**Exercise directions:** Return the whole of the data exactly.

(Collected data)
# # #
(* Let $a\geq 2$ and $0\leq b<a$ be integers, and let $\mathbb{L}$ be a skew field. Let $B$ be a $b$-space of $\mathrm{PG}(a,\mathbb{L})$, let $B_1,B_2$ be subspaces of $\mathrm{PG}(a,\mathbb{L})$ of dimension at most $b-1$, and let $B_3$ be a subspace of dimension at most $b-2$ (if $b=0$, $B_3$ is the empty subspace). Then there exists an $(a-b-1)$-space $C$ of $\mathrm{PG}(a,\mathbb{L})$ that is disjoint from $B\cup B_1\cup B_2\cup B_3$ (i.e. shares no point with it).
   Context: $\mathrm{PG}(a,\mathbb{L})$ is the projective space of an $(a+1)$-dimensional vector space over $\mathbb{L}$; an $m$-space is an $(m+1)$-dimensional vector subspace, viewed as its set of points ($1$-dimensional subspaces); the empty subspace has dimension $-1$. *)

theory Defs
  imports Main
begin

text \<open>PG(a,L) over a skew field L (type class division_ring): the underlying
(a+1)-dimensional left vector space is modelled as the functions nat => L
vanishing outside {0..a}. Scalars act on the left.\<close>

definition vecs :: "nat \<Rightarrow> (nat \<Rightarrow> 'k::division_ring) set" where
  "vecs a = {v. \<forall>i>a. v i = 0}"

definition lin_comb :: "(nat \<Rightarrow> 'k::division_ring) list \<Rightarrow> (nat \<Rightarrow> 'k) \<Rightarrow> (nat \<Rightarrow> 'k)" where
  "lin_comb vs c = (\<lambda>i. \<Sum>j<length vs. c j * (vs ! j) i)"

definition lspan :: "(nat \<Rightarrow> 'k::division_ring) list \<Rightarrow> (nat \<Rightarrow> 'k) set" where
  "lspan vs = {lin_comb vs c | c. True}"

definition lin_indep :: "(nat \<Rightarrow> 'k::division_ring) list \<Rightarrow> bool" where
  "lin_indep vs \<longleftrightarrow> (\<forall>c. lin_comb vs c = (\<lambda>i. 0) \<longrightarrow> (\<forall>j<length vs. c j = 0))"

text \<open>U is an m-space of PG(a,L) (projective dimension m, m >= -1): a vector
subspace of the ambient space with a basis of m+1 vectors. The empty subspace
is the zero vector subspace, of dimension -1.\<close>

definition pg_space :: "nat \<Rightarrow> int \<Rightarrow> (nat \<Rightarrow> 'k::division_ring) set \<Rightarrow> bool" where
  "pg_space a m U \<longleftrightarrow> m \<ge> -1 \<and>
     (\<exists>vs. length vs = nat (m + 1) \<and> set vs \<subseteq> vecs a \<and> lin_indep vs \<and> U = lspan vs)"

definition is_pg_subspace :: "nat \<Rightarrow> (nat \<Rightarrow> 'k::division_ring) set \<Rightarrow> bool" where
  "is_pg_subspace a U \<longleftrightarrow> (\<exists>m. pg_space a m U)"

definition pg_points :: "nat \<Rightarrow> (nat \<Rightarrow> 'k::division_ring) set \<Rightarrow> (nat \<Rightarrow> 'k) set set" where
  "pg_points a U = {P. pg_space a 0 P \<and> P \<subseteq> U}"

end

theory Submission
  imports Defs
begin

text \<open>C is spanned by a - b vectors chosen one at a time: each new vector must lie outside
the spans of the vectors already chosen together with B, B1, B2 and B3, which are subspaces of
codimension at least 1, 2, 2 and 3 of the (a+1)-dimensional vector space. Four subspaces H, P,
Q, D of these codimensions never cover the space, even over the field with two elements: a
vector x outside H and D either works or lies in, say, P; then a vector y outside P, outside
x + Q and outside x + D exists by the same argument for three subspaces, and one of y and
y + x works.\<close>

section \<open>Spans of lists of vectors\<close>

lemma lin_comb_Cons: "lin_comb (w # ws) c = (\<lambda>i. c 0 * w i + lin_comb ws (\<lambda>j. c (Suc j)) i)"
  unfolding lin_comb_def by (simp add: sum.lessThan_Suc_shift del: sum.lessThan_Suc)

lemma lspan_Nil: "lspan [] = {\<lambda>i. 0}"
  unfolding lspan_def lin_comb_def by simp

lemma lspan_Cons: "x \<in> lspan (w # ws) \<longleftrightarrow> (\<exists>t y. y \<in> lspan ws \<and> x = (\<lambda>i. t * w i + y i))"
proof
  assume "x \<in> lspan (w # ws)"
  then obtain c where "x = lin_comb (w # ws) c" unfolding lspan_def by blast
  then show "\<exists>t y. y \<in> lspan ws \<and> x = (\<lambda>i. t * w i + y i)"
    unfolding lin_comb_Cons lspan_def by blast
next
  assume "\<exists>t y. y \<in> lspan ws \<and> x = (\<lambda>i. t * w i + y i)"
  then obtain t d where "x = (\<lambda>i. t * w i + lin_comb ws d i)" unfolding lspan_def by blast
  then have "x = lin_comb (w # ws) (case_nat t d)" unfolding lin_comb_Cons by simp
  then show "x \<in> lspan (w # ws)" unfolding lspan_def by blast
qed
# # #
**Expected output:**
(* Let $a\geq 2$ and $0\leq b<a$ be integers, and let $\mathbb{L}$ be a skew field. Let $B$ be a $b$-space of $\mathrm{PG}(a,\mathbb{L})$, let $B_1,B_2$ be subspaces of $\mathrm{PG}(a,\mathbb{L})$ of dimension at most $b-1$, and let $B_3$ be a subspace of dimension at most $b-2$ (if $b=0$, $B_3$ is the empty subspace). Then there exists an $(a-b-1)$-space $C$ of $\mathrm{PG}(a,\mathbb{L})$ that is disjoint from $B\cup B_1\cup B_2\cup B_3$ (i.e. shares no point with it).
   Context: $\mathrm{PG}(a,\mathbb{L})$ is the projective space of an $(a+1)$-dimensional vector space over $\mathbb{L}$; an $m$-space is an $(m+1)$-dimensional vector subspace, viewed as its set of points ($1$-dimensional subspaces); the empty subspace has dimension $-1$. *)

theory Defs
  imports Main
begin

text \<open>PG(a,L) over a skew field L (type class division_ring): the underlying
(a+1)-dimensional left vector space is modelled as the functions nat => L
vanishing outside {0..a}. Scalars act on the left.\<close>

definition vecs :: "nat \<Rightarrow> (nat \<Rightarrow> 'k::division_ring) set" where
  "vecs a = {v. \<forall>i>a. v i = 0}"

definition lin_comb :: "(nat \<Rightarrow> 'k::division_ring) list \<Rightarrow> (nat \<Rightarrow> 'k) \<Rightarrow> (nat \<Rightarrow> 'k)" where
  "lin_comb vs c = (\<lambda>i. \<Sum>j<length vs. c j * (vs ! j) i)"

definition lspan :: "(nat \<Rightarrow> 'k::division_ring) list \<Rightarrow> (nat \<Rightarrow> 'k) set" where
  "lspan vs = {lin_comb vs c | c. True}"

definition lin_indep :: "(nat \<Rightarrow> 'k::division_ring) list \<Rightarrow> bool" where
  "lin_indep vs \<longleftrightarrow> (\<forall>c. lin_comb vs c = (\<lambda>i. 0) \<longrightarrow> (\<forall>j<length vs. c j = 0))"

text \<open>U is an m-space of PG(a,L) (projective dimension m, m >= -1): a vector
subspace of the ambient space with a basis of m+1 vectors. The empty subspace
is the zero vector subspace, of dimension -1.\<close>

definition pg_space :: "nat \<Rightarrow> int \<Rightarrow> (nat \<Rightarrow> 'k::division_ring) set \<Rightarrow> bool" where
  "pg_space a m U \<longleftrightarrow> m \<ge> -1 \<and>
     (\<exists>vs. length vs = nat (m + 1) \<and> set vs \<subseteq> vecs a \<and> lin_indep vs \<and> U = lspan vs)"

definition is_pg_subspace :: "nat \<Rightarrow> (nat \<Rightarrow> 'k::division_ring) set \<Rightarrow> bool" where
  "is_pg_subspace a U \<longleftrightarrow> (\<exists>m. pg_space a m U)"

definition pg_points :: "nat \<Rightarrow> (nat \<Rightarrow> 'k::division_ring) set \<Rightarrow> (nat \<Rightarrow> 'k) set set" where
  "pg_points a U = {P. pg_space a 0 P \<and> P \<subseteq> U}"

end

theory Submission
  imports Defs
begin

text \<open>C is spanned by a - b vectors chosen one at a time: each new vector must lie outside
the spans of the vectors already chosen together with B, B1, B2 and B3, which are subspaces of
codimension at least 1, 2, 2 and 3 of the (a+1)-dimensional vector space. Four subspaces H, P,
Q, D of these codimensions never cover the space, even over the field with two elements: a
vector x outside H and D either works or lies in, say, P; then a vector y outside P, outside
x + Q and outside x + D exists by the same argument for three subspaces, and one of y and
y + x works.\<close>

section \<open>Spans of lists of vectors\<close>

lemma lin_comb_Cons: "lin_comb (w # ws) c = (\<lambda>i. c 0 * w i + lin_comb ws (\<lambda>j. c (Suc j)) i)"
  unfolding lin_comb_def by (simp add: sum.lessThan_Suc_shift del: sum.lessThan_Suc)

lemma lspan_Nil: "lspan [] = {\<lambda>i. 0}"
  unfolding lspan_def lin_comb_def by simp

lemma lspan_Cons: "x \<in> lspan (w # ws) \<longleftrightarrow> (\<exists>t y. y \<in> lspan ws \<and> x = (\<lambda>i. t * w i + y i))"
proof
  assume "x \<in> lspan (w # ws)"
  then obtain c where "x = lin_comb (w # ws) c" unfolding lspan_def by blast
  then show "\<exists>t y. y \<in> lspan ws \<and> x = (\<lambda>i. t * w i + y i)"
    unfolding lin_comb_Cons lspan_def by blast
next
  assume "\<exists>t y. y \<in> lspan ws \<and> x = (\<lambda>i. t * w i + y i)"
  then obtain t d where "x = (\<lambda>i. t * w i + lin_comb ws d i)" unfolding lspan_def by blast
  then have "x = lin_comb (w # ws) (case_nat t d)" unfolding lin_comb_Cons by simp
  then show "x \<in> lspan (w # ws)" unfolding lspan_def by blast
qed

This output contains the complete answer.